Auch für ältere Personen, insbesondere Menschen mit Demenz, eigne sich StäB, erläuterten Dr. Stefan Spannhorst und Tanja Szabo vom Klinikum Stuttgart. Das gerontopsychiatrische StäB-Team behandle Patientinnen und Patienten in deren eigener Wohnung oder auch im Pflegeheim, wo Angehörige und Pflegekräfte in die Behandlung einbezogen werden könnten. Für viele Ältere seien die Rahmenbedingungen und Abläufe in einem Klinikbetrieb nicht geeignet. „Die StäB ist die schonendere Behandlungsweise“, so Spannhorst. „Eine Depressionsbehandlung läuft zu Hause oft besser als in einer Klinik.“ Eine Besonderheit der StäB in einem Pflegeheim sei, berichtete Tanja Szabo, dass „die Grundpflege und Grundversorgung gewährleistet ist“. Das schaffe für die Patientinnen und Patienten „ein sicheres Umfeld“.

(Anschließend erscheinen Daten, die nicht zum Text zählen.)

(* For $\lambda,\mu,\nu\in\mathcal{A}_{k,n}$, $$N^\nu_{\lambda\mu}=\sum_{\boldsymbol{\nu}}c^{\boldsymbol{\nu}}_{\boldsymbol{\lambda}\boldsymbol{\mu}}\frac{f_{\boldsymbol{\nu}}}{f_{\boldsymbol{\lambda}}f_{\boldsymbol{\mu}}},$$ where the sum runs over all $n$-multipartitions $\boldsymbol{\nu}$ with $|\nu^{(i)}|=m_i(\nu)$ for $i=1,\dots,n$, and $\boldsymbol{\lambda},\boldsymbol{\mu}$ are any $n$-multipartitions with $|\lambda^{(i)}|=m_i(\lambda)$ and $|\mu^{(i)}|=m_i(\mu)$ for all $i$.
   Context: Fix $k,n\ge1$ and a primitive $n$-th root of unity $\zeta$. $\mathcal{A}_{k,n}$ is the set of integer vectors $\lambda=(\lambda_1,\dots,\lambda_k)$ with $n\ge\lambda_1\ge\cdots\ge\lambda_k>0$; $m_i(\lambda)$ is the multiplicity of $i$, $|\lambda|=\sum\lambda_i$; $S_\lambda$ is its stabiliser in $S_k$ under $\lambda\circ w=(\lambda_{w(1)},\dots,\lambda_{w(k)})$ and $S^\lambda$ the minimal length representatives of $S_\lambda\backslash S_k$. $N^\nu_{\lambda\mu}=\#\{(w,w')\in S^\lambda\times S^\mu:\lambda\circ w+\mu\circ w'=(\nu_i+n\alpha_i)_{i=1}^k\text{ for some }\alpha\in\mathbb{Z}^k,\ \sum\alpha_i=(|\lambda|+|\mu|-|\nu|)/n\}$. The generalised symmetric group is $S(n,k)=\mathcal{C}_n^{\times k}\rtimes S_k$ ($\mathcal{C}_n$ cyclic of order $n$); $y_i$ denotes the generator of the $i$-th copy of $\mathcal{C}_n$ and $y^\alpha=y_1^{\alpha_1}\cdots y_k^{\alpha_k}$. An $n$-multipartition of $k$ is $\boldsymbol{\lambda}=(\lambda^{(1)},\dots,\lambda^{(n)})$ with $\sum|\lambda^{(i)}|=k$; $f_{\boldsymbol{\lambda}}=\prod_if_{\lambda^{(i)}}$ with $f_{\lambda^{(i)}}$ the number of standard Young tableaux of shape $\lambda^{(i)}$. The simple $S(n,k)$-modules $\mathcal{L}(\boldsymbol{\lambda})$ are labelled by $n$-multipartitions of $k$ so that $\operatorname{Tr}_{\mathcal{L}(\boldsymbol{\lambda})}y^\alpha=f_{\boldsymbol{\lambda}}\,m_\lambda(\zeta^\alpha)$ for all $\alpha\in\mathbb{Z}_n^{k}$, where $\lambda\in\mathcal{A}_{k,n}$ is the unique element with $m_i(\lambda)=|\lambda^{(i)}|$ and $m_\lambda(\zeta^\alpha)$ is the monomial symmetric polynomial evaluated at $(\zeta^{\alpha_1},\dots,\zeta^{\alpha_k})$. $c^{\boldsymbol{\nu}}_{\boldsymbol{\lambda}\boldsymbol{\mu}}$ are the structure constants of the representation ring: $\mathcal{L}(\boldsymbol{\lambda})\otimes\mathcal{L}(\boldsymbol{\mu})\cong\bigoplus_{\boldsymbol{\nu}}\mathcal{L}(\boldsymbol{\nu})^{\oplus c^{\boldsymbol{\nu}}_{\boldsymbol{\lambda}\boldsymbol{\mu}}}$. *)

theory Defs
  imports Complex_Main "HOL-Combinatorics.Permutations" "Jordan_Normal_Form.Matrix"
begin

text \<open>Integer vectors are functions on the index set {1..k}, extended by 0 outside.\<close>

definition Akn :: "nat \<Rightarrow> nat \<Rightarrow> (nat \<Rightarrow> nat) set" where
  "Akn k n = {lam. (\<forall>i\<in>{1..k}. 0 < lam i \<and> lam i \<le> n) \<and>
                   (\<forall>i j. 1 \<le> i \<longrightarrow> i \<le> j \<longrightarrow> j \<le> k \<longrightarrow> lam j \<le> lam i) \<and>
                   (\<forall>i. i \<notin> {1..k} \<longrightarrow> lam i = 0)}"

definition mult_of :: "nat \<Rightarrow> (nat \<Rightarrow> nat) \<Rightarrow> nat \<Rightarrow> nat" where
  "mult_of k lam i = card {j\<in>{1..k}. lam j = i}"

definition vsize :: "nat \<Rightarrow> (nat \<Rightarrow> nat) \<Rightarrow> nat" where
  "vsize k lam = (\<Sum>i=1..k. lam i)"

text \<open>Permutations of {1..k}, acting by lam o w = (lam (w 1), ..., lam (w k)).\<close>

definition Sk :: "nat \<Rightarrow> (nat \<Rightarrow> nat) set" where
  "Sk k = {w. w permutes {1..k}}"

definition stab :: "nat \<Rightarrow> (nat \<Rightarrow> nat) \<Rightarrow> (nat \<Rightarrow> nat) set" where
  "stab k lam = {u \<in> Sk k. lam \<circ> u = lam}"
lemma conv_in_prob_shapley_agg_W:
  assumes "finite_measure M" "W {} = 0" "i \<in> {1..p}"
    and "\<And>u n. u \<noteq> {} \<Longrightarrow> u \<subset> {1..p} \<Longrightarrow> What u n \<in> borel_measurable M"
    and "\<And>u. u \<noteq> {} \<Longrightarrow> u \<subset> {1..p} \<Longrightarrow> conv_in_prob M (What u) (W u) sequentially"
    and "\<And>u. u \<noteq> {} \<Longrightarrow> u \<subset> {1..p} \<Longrightarrow> filterlim (\<lambda>t. N t u) at_top F"
  shows "conv_in_prob M (\<lambda>t \<omega>. shapley_W p (agg_W p (W {1..p}) What (N t) \<omega>) i)
    (shapley_W p W i) F"
proof (rule conv_in_prob_shapley_W[OF assms(1,3)])
  fix u t
  assume "u \<subseteq> {1..p}"
  then show "(\<lambda>\<omega>. agg_W p (W {1..p}) What (N t) \<omega> u) \<in> borel_measurable M"
    by (rule agg_W_measurable[of W, OF assms(2)]) (rule assms(4))
next
  fix u
  assume "u \<subseteq> {1..p}"
  then show "conv_in_prob M (\<lambda>t \<omega>. agg_W p (W {1..p}) What (N t) \<omega> u) (W u) F"
    by (rule conv_in_prob_agg_W[of W, OF assms(2)]) (use assms(5,6) in blast)+
qed (rule agg_W_top[of W, OF assms(2)])

lemma conv_as_shapley_agg_W:
  assumes "W {} = 0" "i \<in> {1..p}"
    and "\<And>u. u \<noteq> {} \<Longrightarrow> u \<subset> {1..p} \<Longrightarrow> conv_as M (What u) (W u) sequentially"
    and "\<And>u. u \<noteq> {} \<Longrightarrow> u \<subset> {1..p} \<Longrightarrow> filterlim (\<lambda>t. N t u) at_top F"
  shows "conv_as M (\<lambda>t \<omega>. shapley_W p (agg_W p (W {1..p}) What (N t) \<omega>) i) (shapley_W p W i) F"
proof -
  have "finite {u. u \<noteq> {} \<and> u \<subset> {1..p}}"
    by (rule finite_subset[of _ "Pow {1..p}"]) auto
  then have "AE \<omega> in M. \<forall>u\<in>{u. u \<noteq> {} \<and> u \<subset> {1..p}}. ((\<lambda>n. What u n \<omega>) \<longlongrightarrow> W u) sequentially"
    using assms(3) by (intro AE_finite_allI) (auto simp: conv_as_def)
  then show ?thesis
    unfolding conv_as_def
  proof (rule eventually_mono)
    fix \<omega>
    assume conv: "\<forall>u\<in>{u. u \<noteq> {} \<and> u \<subset> {1..p}}. ((\<lambda>n. What u n \<omega>) \<longlongrightarrow> W u) sequentially"
    show "((\<lambda>t. shapley_W p (agg_W p (W {1..p}) What (N t) \<omega>) i) \<longlongrightarrow> shapley_W p W i) F"
    proof (rule tendsto_shapley_W[OF assms(2)])
      fix u
      assume "u \<subseteq> {1..p}"
      then show "((\<lambda>t. agg_W p (W {1..p}) What (N t) \<omega> u) \<longlongrightarrow> W u) F"
        by (rule tendsto_agg_W[of W, OF assms(1)]) (use conv assms(4) in blast)+
    qed (rule agg_W_top[of W, OF assms(1)])
  qed
qed
(* Let $G=(V,E)$ be a graph, $a$ a positive integer, and $V_D'\subseteq V$. Let $S_1,\dots,S_k$ be pairwise disjoint nonempty vertex sets such that, for every $u\in V_D'$, either $N^a(u)\subseteq S_i$ for some $i\in\{1,\dots,k\}$, or $N^a(u)\cap(S_1\cup\cdots\cup S_k)=\emptyset$. Let $$S=\{v\in V:\operatorname{dist}(v,S_1\cup\cdots\cup S_k)\le a\}.$$ If $G[S]$ is connected, then: 1. $N_S=\sum_{i=1}^k N_{S_i}$; 2. $D_S\le-1+\sum_{i=1}^k(D_{S_i}+2a+1)$.
   Context: $\operatorname{dist}$ is the shortest-path distance in $G$; $\operatorname{dist}(u,X)=\min_{x\in X}\operatorname{dist}(u,x)$; $N^r(v)=\{u:\operatorname{dist}(u,v)\le r\}$. For a vertex set $X$ (with $V_D'$ and $a$ fixed): - $N_X$ is the maximum size of a subset $X^*\subseteq X\cap V_D'$ such that $\operatorname{dist}(u,v)>2a$ for every pair of distinct $u,v\in X^*$; - $D_X$ is the diameter of the induced subgraph $G[X]$ (equal to $\infty$ if $G[X]$ is disconnected). *)

theory Defs
  imports Main "HOL-Library.Extended_Nat"
begin

definition graph :: "'a set \<Rightarrow> ('a \<Rightarrow> 'a \<Rightarrow> bool) \<Rightarrow> bool" where
  "graph V E \<longleftrightarrow> finite V \<and> (\<forall>u v. E u v \<longrightarrow> u \<in> V \<and> v \<in> V)
     \<and> (\<forall>u v. E u v \<longrightarrow> E v u) \<and> (\<forall>u. \<not> E u u)"

definition walk_in :: "'a set \<Rightarrow> ('a \<Rightarrow> 'a \<Rightarrow> bool) \<Rightarrow> 'a list \<Rightarrow> bool" where
  "walk_in X E xs \<longleftrightarrow> xs \<noteq> [] \<and> set xs \<subseteq> X
     \<and> (\<forall>i < length xs - 1. E (xs ! i) (xs ! Suc i))"

text \<open>Shortest-path distance in the induced subgraph G[X] (\<infinity> if no path).\<close>
definition dist_in :: "'a set \<Rightarrow> ('a \<Rightarrow> 'a \<Rightarrow> bool) \<Rightarrow> 'a \<Rightarrow> 'a \<Rightarrow> enat" where
  "dist_in X E u v =
     (INF xs \<in> {xs. walk_in X E xs \<and> hd xs = u \<and> last xs = v}. enat (length xs - 1))"
lemma C2max_ge_inverse_Min:
  fixes th :: "real^'k"
  assumes "\<forall>k. th $ k > 0"
  shows "1 / Min (range (($) th)) \<le> C2max th"
proof -
  let ?m = "Min (range (($) th))"
  have "?m > 0"
    by (rule Min_range_vec_pos[OF assms])
  then have "1 / ?m = ?m / ?m\<^sup>2"
    by (simp add: power2_eq_square)
  also have "\<dots> \<le> Max (range (($) th)) / ?m\<^sup>2"
    using Min_range_vec_le[of th] Max_range_vec_ge[of th] order_trans
    by (intro divide_right_mono) auto
  finally show ?thesis
    by (simp add: C2max_def)
qed

lemma C2max_pos:
  fixes th :: "real^'k"
  assumes "\<forall>k. th $ k > 0"
  shows "C2max th > 0"
proof -
  have "0 < 1 / Min (range (($) th))"
    using Min_range_vec_pos[OF assms] by simp
  then show ?thesis
    using C2max_ge_inverse_Min[OF assms] by linarith
qed

lemma C1max_ge:
  fixes th :: "real^'k"
  assumes pos: "\<forall>k. th $ k > 0"
  shows "sqrt (th$a) * sqrt (th$b) / (th$a)\<^sup>2 \<le> C1max th"
proof -
  let ?m = "Min (range (($) th))"
  have "th$a powr (3/2) = th$a powr (1 + 1/2)"
    by simp
  also have "\<dots> = th$a powr 1 * th$a powr (1/2)"
    by (rule powr_add)
  also have "\<dots> = th$a * sqrt (th$a)"
    using pos[rule_format, of a] by (simp add: powr_half_sqrt)
  finally have "th$a powr (3/2) = th$a * sqrt (th$a)" .
  then have "sqrt (th$a) * sqrt (th$b) / (th$a)\<^sup>2 = sqrt (th$b) / th$a powr (3/2)"
    using pos[rule_format, of a] by (simp add: power2_eq_square field_simps)
  also have "\<dots> \<le> sqrt (Max (range (($) th))) / ?m powr (3/2)"
  proof (rule frac_le)
    have m: "0 < ?m"
      by (rule Min_range_vec_pos[OF pos])
    have M: "th$b \<le> Max (range (($) th))"
      by (rule Max_range_vec_ge)
    then show "0 \<le> sqrt (Max (range (($) th)))"
      using pos[rule_format, of b] by (intro real_sqrt_ge_zero) linarith
    show "sqrt (th$b) \<le> sqrt (Max (range (($) th)))"
      using M by (rule real_sqrt_le_mono)
    show "0 < ?m powr (3/2)"
      using m by (metis powr_gt_zero less_irrefl)
    show "?m powr (3/2) \<le> th$a powr (3/2)"
      by (rule powr_mono2[OF _ less_imp_le[OF m] Min_range_vec_le]) simp
  qed
  finally show ?thesis
    by (simp add: C1max_def)
qed

lemma Ffun_ge:
  fixes th :: "real^'k"
  shows "4 * (C2max th)\<^sup>2 * CARD('k) \<le> Ffun th e"
proof -
  have "0 \<le> real CARD('k) - 1"
    by (simp add: Suc_le_eq)
  then show ?thesis
    unfolding Ffun_def by simp
qed

lemma Ffun_pos:
  fixes th :: "real^'k"
  assumes "\<forall>k. th $ k > 0"
  shows "Ffun th e > 0"
proof -
  have "0 < 4 * (C2max th)\<^sup>2 * CARD('k)"
    using C2max_pos[OF assms] by simp
  then show ?thesis
    using Ffun_ge[of th e] by linarith
qed

lemma Ffun_mono:
  fixes th :: "real^'k"
  assumes "\<forall>k. th $ k > 0" "0 \<le> a" "a \<le> b"
  shows "Ffun th a \<le> Ffun th b"
proof -
  have "(2 * C1max th + C2max th * a)\<^sup>2 \<le> (2 * C1max th + C2max th * b)\<^sup>2"
    using C1max_pos[OF assms(1)] C2max_pos[OF assms(1)] assms(2,3)
    by (intro power_mono add_left_mono mult_left_mono) auto
  moreover have "0 \<le> real CARD('k) * (real CARD('k) - 1)"
    using card_ge_0_finite[of "UNIV :: 'k set"] by simp
  ultimately show ?thesis
    unfolding Ffun_def by (simp add: mult_left_mono)
qed

lemma mult_sqrt_Ffun_strict_mono:
  fixes th :: "real^'k"
  assumes "\<forall>k. th $ k > 0" "0 \<le> a" "a < b"
  shows "a * sqrt (Ffun th a) < b * sqrt (Ffun th b)"
proof -
  have "a * sqrt (Ffun th a) < b * sqrt (Ffun th a)"
    using Ffun_pos[OF assms(1)] assms(3) by simp
  also have "\<dots> \<le> b * sqrt (Ffun th b)"
    using Ffun_mono[OF assms(1,2)] assms by (intro mult_left_mono) auto
  finally show ?thesis .
qed

lemma eps0_root:
  fixes th :: "real^'k"
  assumes pos: "\<forall>k. th $ k > 0"
  shows "eps0 th > 0" "eps0 th * sqrt (Ffun th (eps0 th)) = 1/2"
proof -
  let ?g = "\<lambda>e. e * sqrt (Ffun th e)"
  define b where "b = 1 / C2max th"
  have "b > 0"
    using C2max_pos[OF pos] by (simp add: b_def)
  have "4 * (C2max th)\<^sup>2 * 1 \<le> 4 * (C2max th)\<^sup>2 * CARD('k)"
    by (intro mult_left_mono) (simp_all add: Suc_le_eq)
  then have "4 * (C2max th)\<^sup>2 \<le> Ffun th b"
    using Ffun_ge[of th b] by linarith
  then have "2 * C2max th \<le> sqrt (Ffun th b)"
    by (intro real_le_rsqrt) (simp add: power_mult_distrib)
  then have "1/2 \<le> ?g b"
    using C2max_pos[OF pos] by (simp add: b_def field_simps)
  moreover have "\<forall>x. 0 \<le> x \<and> x \<le> b \<longrightarrow> isCont ?g x"
    unfolding Ffun_def by (auto intro!: continuous_intros)
  ultimately obtain e where e: "0 \<le> e" "e \<le> b" "?g e = 1/2"
    using IVT[of ?g 0 "1/2" b] \<open>b > 0\<close> by auto
  then have "e > 0"
    by (cases "e = 0") auto
  have "\<exists>!e. e > 0 \<and> ?g e = 1/2"
  proof (rule ex1I[of _ e])
    show "e > 0 \<and> ?g e = 1/2"
      using \<open>e > 0\<close> e by simp
  next
    fix y assume "y > 0 \<and> ?g y = 1/2"
    then show "y = e"
      using mult_sqrt_Ffun_strict_mono[OF pos, of y e] mult_sqrt_Ffun_strict_mono[OF pos, of e y]
        \<open>e > 0\<close> e by (cases y e rule: linorder_cases) auto
  qed
  then show "eps0 th > 0" "?g (eps0 th) = 1/2"
    unfolding eps0_def using theI'[of "\<lambda>e. e > 0 \<and> ?g e = 1/2"] by auto
qed

lemma mult_sqrt_Ffun_lt_half:
  fixes th :: "real^'k"
  assumes "\<forall>k. th $ k > 0" "0 \<le> e" "e < eps0 th"
  shows "e * sqrt (Ffun th e) < 1/2"
  using mult_sqrt_Ffun_strict_mono[OF assms] eps0_root[OF assms(1)] by simp

section \<open>The objective \<open>H\<close>\<close>

lemma sum_axis_shift:
  fixes th :: "real^'k"
  shows "(\<Sum>k\<in>UNIV. (th + s *\<^sub>R axis i 1 + t *\<^sub>R axis j 1) $ k * w k)
     = (\<Sum>k\<in>UNIV. th$k * w k) + s * w i + t * w j"
proof -
  have "(\<Sum>k\<in>UNIV. (th + s *\<^sub>R axis i 1 + t *\<^sub>R axis j 1) $ k * w k)
     = (\<Sum>k\<in>UNIV. th$k * w k + (if k = i then s * w k else 0) + (if k = j then t * w k else 0))"
    by (rule sum.cong) (auto simp: axis_def algebra_simps)
  then show ?thesis
    by (simp add: sum.distrib)
qed

lemma has_real_derivative_sum_ln_affine:
  fixes a b p :: "nat \<Rightarrow> real"
  assumes "\<forall>v<V. a v > 0"
  shows "((\<lambda>t. \<Sum>v<V. p v * ln (a v + t * b v)) has_real_derivative (\<Sum>v<V. p v * (b v / a v))) (at 0)"
  using assms by (intro DERIV_sum DERIV_cmult) (auto intro!: derivative_eq_intros)

lemma eventually_affine_pos:
  fixes a b :: "nat \<Rightarrow> real"
  assumes "\<forall>v<V. a v > 0"
  shows "\<forall>\<^sub>F s in nhds 0. \<forall>v\<in>{..<V}. a v + s * b v > 0"
proof (rule eventually_ball_finite)
  show "\<forall>v\<in>{..<V}. \<forall>\<^sub>F s in nhds 0. a v + s * b v > 0"
  proof
    fix v assume "v \<in> {..<V}"
    moreover have "((\<lambda>s. a v + s * b v) \<longlongrightarrow> a v + 0 * b v) (nhds 0)"
      by (intro tendsto_intros filterlim_ident)
    ultimately show "\<forall>\<^sub>F s in nhds 0. a v + s * b v > 0"
      using assms by (simp add: order_tendstoD(1))
  qed
qed simp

In der Suchtmedizin kann StäB ebenfalls erfolgreich sein

Der Suchtmediziner Dr. Jamil El Kasmi von der PP.rt hat die Erfahrung gemacht, dass StäB auch in der Suchtmedizin sehr erfolgreich sein kann. „Es ist nicht das Nonplusultra, aber eine Erweiterung der Therapiemöglichkeiten“, sagte er. Anders als in der Klinik lasse sich beispielsweise die Eigenverantwortung der Patientinnen und Patienten stärken und ihr Lebensumfeld gemeinsam mit ihnen verändern. Notwendige Veränderungen im Alltag müssten nicht auf die Zeit nach einem Klinikaufenthalt verschoben, sondern können direkt in der Therapie eingeleitet werden, etwa durch das Trainieren alltagspraktischer Fähigkeiten. Zudem sei es mit StäB viel besser möglich, die Sucht-Stimuli im Alltag der Patientinnen und Patienten zu bearbeiten.

In acht Workshops mit den Experten hatten die Teilnehmerinnen und Teilnehmer der virtuellen Tagung Gelegenheit, die in den Fachvorträgen angesprochenen verschiedenen Aspekte der Stationsäquivalenten psychiatrischen Behandlung zu vertiefen.